I know Rogerian therapy doesn't touch me; I can talk until I'm blue in the face and nothing will shift.
In light of the above I would say it depends which Rogerian therapist you're talking to. Also it depends how many shifts have taken place in you since your previous encounter with therapy.

You say you know talk therapy doesn't work. I'm sure you're aware of this, but for the benefit of any lurkers I'll point out that the things we know have more impact on our lives than any external cues ever will. Therefore talk therapy is a waste of time for you.
I've thought about being hypnotised but I'm not sure I know enough about it.
... and that might be a good thing, but only if you go into it at least 50 per cent convinced it's effective.

To the untrained eye :lol: I and (not-so-coincidentally) the majority of people in my contacts book look like tree-hugging new agers. A significant number of us have degrees or doctorates as well as a healthy dose of cynicism. Time and again one of us will start an anecdote: "Something weird happened with one of my clients..."

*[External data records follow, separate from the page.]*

lemma row_covering_sets_by_profile:
  "row_covering_sets r c T = (\<Union>xs\<in>bounded_words c r. sets_with_profile xs T)"
proof (intro equalityI subsetI)
  fix B assume "B \<in> (\<Union>xs\<in>bounded_words c r. sets_with_profile xs T)"
  then obtain xs where xs: "xs \<in> bounded_words c r" and B: "B \<in> sets_with_profile xs T" by blast
  have len: "length xs = r" using xs by (simp add: bounded_words_def)
  have "B \<subseteq> {0..<r} \<times> {0..<c}"
  proof
    fix p assume "p \<in> B"
    then have "p \<in> cells_left_of_profile xs \<union> profile_cells xs"
      using B by (auto simp: sets_with_profile_def)
    then obtain i j where p: "p = (i, j)" "i < r" "j \<le> xs ! i - 1"
      unfolding cells_left_of_profile_def profile_cells_def len by auto
    moreover have "xs ! i \<in> {1..c}" using bounded_words_nth[OF xs p(2)] .
    ultimately show "p \<in> {0..<r} \<times> {0..<c}" by auto
  qed
  moreover have "\<exists>q'. (q, q') \<in> B" if "q < r" for q
  proof
    have "(q, xs ! q - 1) \<in> profile_cells xs" using that by (simp add: profile_cells_def len)
    then show "(q, xs ! q - 1) \<in> B" using B by (auto simp: sets_with_profile_def)
  qed
  ultimately show "B \<in> row_covering_sets r c T"
    using B by (auto simp: row_covering_sets_def sets_with_profile_def)
next
  fix B assume B: "B \<in> row_covering_sets r c T"
  define S where "S q = {q'. (q, q') \<in> B}" for q
  have S_sub: "S q \<subseteq> {0..<c}" if "q < r" for q
    using B that by (auto simp: row_covering_sets_def S_def)
  have fin: "finite (S q)" for q
    using B by (auto simp: row_covering_sets_def S_def intro: finite_subset[of _ "{0..<c}"])
  have Max_S: "Max (S q) \<in> S q" "Max (S q) < c" if "q < r" for q
    using Max_in[OF fin, of q] B S_sub[OF that] that
    by (auto simp: row_covering_sets_def S_def)
  define xs where "xs = map (\<lambda>q. Max (S q) + 1) [0..<r]"
  have "xs \<in> bounded_words c r"
    using Max_S by (auto simp: bounded_words_def xs_def Suc_leI)
  moreover have "B \<in> sets_with_profile xs T"
  proof -
    have "profile_cells xs \<subseteq> B"
      using Max_S by (auto simp: profile_cells_def xs_def S_def)
    moreover have "B \<subseteq> cells_left_of_profile xs \<union> profile_cells xs"
    proof
      fix p assume "p \<in> B"
      then obtain q q' where p: "p = (q, q')" "q < r" "q' \<in> S q"
        using B by (auto simp: row_covering_sets_def S_def)
      then have "q' \<le> Max (S q)" using fin by simp
      then show "p \<in> cells_left_of_profile xs \<union> profile_cells xs"
        using p by (cases "q' = Max (S q)")
          (auto simp: cells_left_of_profile_def profile_cells_def xs_def)
    qed
    ultimately show ?thesis using B by (simp add: sets_with_profile_def row_covering_sets_def)
  qed
  ultimately show "B \<in> (\<Union>xs\<in>bounded_words c r. sets_with_profile xs T)" by blast
qed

Conversely, every now and again I meet Mr or Ms Cynical Pragmatist, those people who trust only what they can perceive with at least one of their five senses. My best friend is Chief Pragmatist; perhaps that's why she's my best friend. I often find myself envying the CPs because their lives and their decision-making look so uncomplicated to me. It works for them, too, lucky devils. They immediately discount any psychic experience as coincidence; in fact my best friend would tell you she's never had a psychic experience. Just like your knowledge of talk therapy, I know I could never be a pragmatist without some kind of lobotomy.
Though maybe I don't need therapy at all?
When you get to "I don't need therapy at all" without the maybe and the question mark, it will be the truth. Whether you can get there on your own is another matter, because usually it takes outside factors to change our minds, and a good talk therapist would question your ideas about yourself. For example:
Maybe I just need a big kick; to count my blessings, go out and help others more, live on my own and support myself?
What do you mean by a big kick? If you mean a wild sexual experience, an acid trip or a thrilling car chase, maybe you do. If (as I suspect) a "big kick" involves a heavy boot aimed your way... Ouch! You've already had too many of them. You need a warm hug more than you need another dose of violence.

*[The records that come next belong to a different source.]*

(* Let $\beta,\rho>0$ and $y\in\mathbb{R}^n$. Define $\Sigma=\mathrm{Diag}(\sigma)\in\mathbb{R}^{(n-1)\times(n-1)}$ by $\sigma_i=1$ if $i\in\mathcal I_{\mathcal D}(P_yy-\rho w)$ and $\sigma_i=0$ otherwise, and $\Theta=\mathrm{Diag}(\theta)\in\mathbb{R}^{n\times n}$ by $\theta_i=0$ if $|(S_\rho(y))_i|\le\beta$ and $\theta_i=1$ otherwise. Then \[ M:=\Theta P_y^T\big(I_n-B^T(\Sigma BB^T\Sigma)^{\dagger}B\big)P_y \;\in\;\mathcal M(y). \]
   Context: $S_\rho(y):=\operatorname{argmin}_x\{\tfrac12\|x-y\|^2+\rho\sum_{i<j}|x_i-x_j|\}$. $w_k=n-2k+1$. $\mathcal D:=\{x: x_1\ge\cdots\ge x_n\}$, $\Pi_{\mathcal D}$ the Euclidean projection. $B\in\mathbb{R}^{(n-1)\times n}$ with $Bx=(x_1-x_2,\dots,x_{n-1}-x_n)^T$, $B_i$ its $i$-th row, $B_K$ rows indexed by $K$; $C^\dagger$ is the Moore–Penrose inverse. For each $y$, $P_y$ is a fixed permutation matrix with $P_yy$ non-increasing. For $v\in\mathbb{R}^n$: $\mathcal M_{\mathcal D}(v)$ is the set of $\lambda\in\mathbb{R}^{n-1}$ with $\Pi_{\mathcal D}(v)-v+B^T\lambda=0$, $B\Pi_{\mathcal D}(v)\ge0$, $\lambda\le0$, $\lambda^TB\Pi_{\mathcal D}(v)=0$; $\mathcal I_{\mathcal D}(v):=\{i\in\{1,\dots,n-1\}: B_i\Pi_{\mathcal D}(v)=0\}$; $\mathcal K_{\mathcal D}(v):=\{K:\exists\lambda\in\mathcal M_{\mathcal D}(v),\ \mathrm{supp}(\lambda)\subseteq K\subseteq\mathcal I_{\mathcal D}(v),\ B_K\text{ full row rank}\}$; $\mathcal Q_{\mathcal D}(v):=\{I_n-B_K^T(B_KB_K^T)^{-1}B_K:K\in\mathcal K_{\mathcal D}(v)\}$; $\mathcal Q_{S_\rho}(y):=\{P_y^T\widehat QP_y:\widehat Q\in\mathcal Q_{\mathcal D}(P_yy-\rho w)\}$. $\partial_B\mathrm{Prox}_{\beta\|\cdot\|_1}(\eta)$ is the set of $\mathrm{Diag}(q)$ with $q_i=0$ if $|\eta_i|<\beta$, $q_i\in\{0,1\}$ if $|\eta_i|=\beta$, $q_i=1$ otherwise. $\mathcal M(y):=\{M\text{ symmetric}: M=\Theta Q,\ \Theta\in\partial_B\mathrm{Prox}_{\beta\|\cdot\|_1}(S_\rho(y)),\ Q\in\mathcal Q_{S_\rho}(y)\}$. *)

theory Defs
  imports "Jordan_Normal_Form.DL_Submatrix" "HOL-Combinatorics.Permutations"
begin

(* Vectors of R^n are JNF vectors of dimension n, matrices are JNF matrices;
   indices are 0-based: component i here is component i+1 in the paper. *)

definition sqnorm :: "real vec \<Rightarrow> real" where
  "sqnorm v = (\<Sum>i<dim_vec v. (v $ i)^2)"

definition slope_obj :: "nat \<Rightarrow> real \<Rightarrow> real vec \<Rightarrow> real vec \<Rightarrow> real" where
  "slope_obj n \<rho> y x = sqnorm (x - y) / 2 + \<rho> * (\<Sum>i<n. \<Sum>j\<in>{i<..<n}. \<bar>x $ i - x $ j\<bar>)"

definition S_prox :: "nat \<Rightarrow> real \<Rightarrow> real vec \<Rightarrow> real vec" where
  "S_prox n \<rho> y = (THE x. x \<in> carrier_vec n \<and>
      (\<forall>z\<in>carrier_vec n. slope_obj n \<rho> y x \<le> slope_obj n \<rho> y z))"

(* w_k = n - 2k + 1 for k = 1..n, i.e. w $ i = n - 2(i+1) + 1 *)
definition wvec :: "nat \<Rightarrow> real vec" where
  "wvec n = vec n (\<lambda>i. real n - 2 * real (i + 1) + 1)"

definition Dcone :: "nat \<Rightarrow> real vec set" where
  "Dcone n = {x \<in> carrier_vec n. \<forall>i. i + 1 < n \<longrightarrow> x $ i \<ge> x $ (i + 1)}"

definition projD :: "nat \<Rightarrow> real vec \<Rightarrow> real vec" where
  "projD n v = (THE x. x \<in> Dcone n \<and> (\<forall>z\<in>Dcone n. sqnorm (x - v) \<le> sqnorm (z - v)))"

definition Bmat :: "nat \<Rightarrow> real mat" where
  "Bmat n = mat (n - 1) n (\<lambda>(i, j). if j = i then 1 else if j = i + 1 then -1 else 0)"

definition Brows :: "nat \<Rightarrow> nat set \<Rightarrow> real mat" where
  "Brows n K = submatrix (Bmat n) K {..<n}"

definition full_row_rank :: "real mat \<Rightarrow> bool" where
  "full_row_rank A \<longleftrightarrow> (\<forall>c \<in> carrier_vec (dim_row A). transpose_mat A *\<^sub>v c = 0\<^sub>v (dim_col A) \<longrightarrow> c = 0\<^sub>v (dim_row A))"

definition mat_inv :: "real mat \<Rightarrow> real mat" where
  "mat_inv A = (THE X. X \<in> carrier_mat (dim_row A) (dim_row A) \<and>
       A * X = 1\<^sub>m (dim_row A) \<and> X * A = 1\<^sub>m (dim_row A))"

definition pinv :: "real mat \<Rightarrow> real mat" where
  "pinv A = (THE X. X \<in> carrier_mat (dim_col A) (dim_row A) \<and>
       A * X * A = A \<and> X * A * X = X \<and>
       transpose_mat (A * X) = A * X \<and> transpose_mat (X * A) = X * A)"

definition diag_of :: "nat \<Rightarrow> (nat \<Rightarrow> real) \<Rightarrow> real mat" where
  "diag_of n d = mat n n (\<lambda>(i, j). if i = j then d i else 0)"

(* permutation matrix: (P x) $ i = x $ (\<pi> i) *)
definition perm_mat :: "nat \<Rightarrow> (nat \<Rightarrow> nat) \<Rightarrow> real mat" where
  "perm_mat n \<pi> = mat n n (\<lambda>(i, j). if \<pi> i = j then 1 else 0)"

definition is_perm_mat :: "nat \<Rightarrow> real mat \<Rightarrow> bool" where
  "is_perm_mat n P \<longleftrightarrow> (\<exists>\<pi>. \<pi> permutes {..<n} \<and> P = perm_mat n \<pi>)"

definition nonincreasing_vec :: "real vec \<Rightarrow> bool" where
  "nonincreasing_vec x \<longleftrightarrow> (\<forall>i j. i \<le> j \<longrightarrow> j < dim_vec x \<longrightarrow> x $ j \<le> x $ i)"

definition MD :: "nat \<Rightarrow> real vec \<Rightarrow> real vec set" where
  "MD n v = {lam \<in> carrier_vec (n - 1).
      projD n v - v + transpose_mat (Bmat n) *\<^sub>v lam = 0\<^sub>v n \<and>
      (\<forall>i < n - 1. (Bmat n *\<^sub>v projD n v) $ i \<ge> 0) \<and>
      (\<forall>i < n - 1. lam $ i \<le> 0) \<and>
      lam \<bullet> (Bmat n *\<^sub>v projD n v) = 0}"

definition ID :: "nat \<Rightarrow> real vec \<Rightarrow> nat set" where
  "ID n v = {i. i < n - 1 \<and> (Bmat n *\<^sub>v projD n v) $ i = 0}"

definition KD :: "nat \<Rightarrow> real vec \<Rightarrow> nat set set" where
  "KD n v = {K. \<exists>lam \<in> MD n v. {i. i < n - 1 \<and> lam $ i \<noteq> 0} \<subseteq> K \<and> K \<subseteq> ID n v
       \<and> full_row_rank (Brows n K)}"

definition QD :: "nat \<Rightarrow> real vec \<Rightarrow> real mat set" where
  "QD n v = (\<lambda>K. 1\<^sub>m n - transpose_mat (Brows n K) *
       mat_inv (Brows n K * transpose_mat (Brows n K)) * Brows n K) ` KD n v"

definition QS :: "nat \<Rightarrow> real \<Rightarrow> real mat \<Rightarrow> real vec \<Rightarrow> real mat set" where
  "QS n \<rho> P y = (\<lambda>Q. transpose_mat P * Q * P) ` QD n (P *\<^sub>v y - \<rho> \<cdot>\<^sub>v wvec n)"

(* B-subdifferential of Prox_{beta ||.||_1} at eta *)
definition dB_prox_l1 :: "nat \<Rightarrow> real \<Rightarrow> real vec \<Rightarrow> real mat set" where
  "dB_prox_l1 n \<beta> \<eta> = {diag_of n q | q.
      \<forall>i < n. (\<bar>\<eta> $ i\<bar> < \<beta> \<longrightarrow> q i = 0) \<and> (\<bar>\<eta> $ i\<bar> = \<beta> \<longrightarrow> q i \<in> {0, 1})
             \<and> (\<bar>\<eta> $ i\<bar> > \<beta> \<longrightarrow> q i = 1)}"

definition Mset :: "nat \<Rightarrow> real \<Rightarrow> real \<Rightarrow> real mat \<Rightarrow> real vec \<Rightarrow> real mat set" where
  "Mset n \<beta> \<rho> P y = {M. M = transpose_mat M \<and>
      (\<exists>\<Theta> \<in> dB_prox_l1 n \<beta> (S_prox n \<rho> y). \<exists>Q \<in> QS n \<rho> P y. M = \<Theta> * Q)}"

end

theory Submission
  imports Defs "Jordan_Normal_Form.Determinant" "HOL-Analysis.Function_Topology"
begin

(* Let \<pi> sort y non-increasingly and u = P y. The objective of S_\<rho> is invariant under
   simultaneous permutation of x and y, so S_\<rho>(y) = P^T S_\<rho>(u). Since u is sorted, so is
   S_\<rho>(u): swapping an inverted pair of entries does not increase the objective. On the
   monotone cone D the penalty \<Sum>_{i<j} |x_i - x_j| is the linear form \<langle>w, x\<rangle>, so
   x := S_\<rho>(u) = \<Pi>_D(v) with v = u - \<rho> w. The multiplier \<lambda>_k = \<Sum>_{i\<le>k} (v_i - x_i) of this
   projection vanishes off the active set K = I_D(v), and B_K has full row rank, so K \<in> K_D(v).
   With E the selector of the rows in K we have \<Sigma> = E E^T and \<Sigma> B B^T \<Sigma> = E (B_K B_K^T) E^T,
   whose pseudoinverse is E (B_K B_K^T)^{-1} E^T; hence the matrix of the theorem is
   \<Theta> P^T (I - B_K^T (B_K B_K^T)^{-1} B_K) P. It is symmetric because the permuted \<Theta> is
   constant on the blocks of equal entries of x and therefore commutes with the projector. *)

section \<open>The difference matrix B\<close>

lemma Bmat_carrier [simp]: "Bmat n \<in> carrier_mat (n - 1) n"
  by (simp add: Bmat_def)

lemma Bmat_carrier_Suc [simp]: "Bmat n \<in> carrier_mat (n - Suc 0) n"
  using Bmat_carrier[of n] by simp

lemma Bmat_index:
  "i < n - 1 \<Longrightarrow> j < n \<Longrightarrow> Bmat n $$ (i, j) = (if j = i then 1 else if j = i + 1 then -1 else 0)"
  by (simp add: Bmat_def)

lemma Bmat_mult_vec:
  assumes "x \<in> carrier_vec n" "i < n - 1"
  shows "(Bmat n *\<^sub>v x) $ i = x $ i - x $ (i + 1)"
proof -
  have "(Bmat n *\<^sub>v x) $ i = (\<Sum>j<n. Bmat n $$ (i, j) * x $ j)"
    using assms by (simp add: mult_mat_vec_def scalar_prod_def Bmat_def lessThan_atLeast0)
  also have "\<dots> = (\<Sum>j<n. (if j = i then x $ j else 0) + (if j = i + 1 then - x $ j else 0))"
    using assms by (intro sum.cong) (auto simp: Bmat_index)
  also have "\<dots> = x $ i - x $ (i + 1)"
    using assms by (auto simp: sum.distrib)
  finally show ?thesis .
qed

Count your blessings? Yes, when noticing what's good in your life lifts your spirits. If there's any suspicion of "Herbie you ungrateful brat, what's the matter with you?" -- again, that's an attack on yourself.

Go out and help others? Again, lovely stuff. When it arises spontaneously almost all of us find it boosts self-esteem. But (always a but!), could it mean "I'm not worth much unless I'm doing something for someone else. Others matter more than I do. What a selfish person I am!" etc.?

Living on your own and supporting yourself? Fabulous, if you're up to it. If you suspect you're not yet, don't even consider it. It sounds a bit hermit-like, too. Are you unworthy of others' support? Do you realise supporting and being supported are what connects our species?
I previously thought they would clash with each other
I reckon if two or more therapies clash, one of them isn't right for you. You don't need to know which of them actually worked, you only need to know something did.
Though thinking about it, as long as I use one therapy at a time and inform my current counsellor if and when I return, there shouldn't be a problem.
If I were your therapist a statement like this would inspire me to ask whether you were concerned about offending me.
I think this is where I've been going wrong all my life;
What if I told you -- and kept telling you -- that you've been going right all your life and always will? That the challenges in your life were put there so you would experience the joy of overcoming them? That you couldn't be happy if you'd never been sad? etc.
I seem to float around accepting stuff instead of doing this - over the years, I've gradually lost my fighting spirit.
There's nothing intrinsically wrong with acceptance. It's a big part of Buddhism as well as getting a mention in AA's serenity prayer. So when (not if) you look over your life with new eyes, you'll see you've had masses of experience and strength in the area of acceptance. Furthermore, you'll see your spirit moved you to accept some things and fight others; and that perhaps it looks as though it didn't always discriminate too well between the two, but that you ended up where you were headed anyway.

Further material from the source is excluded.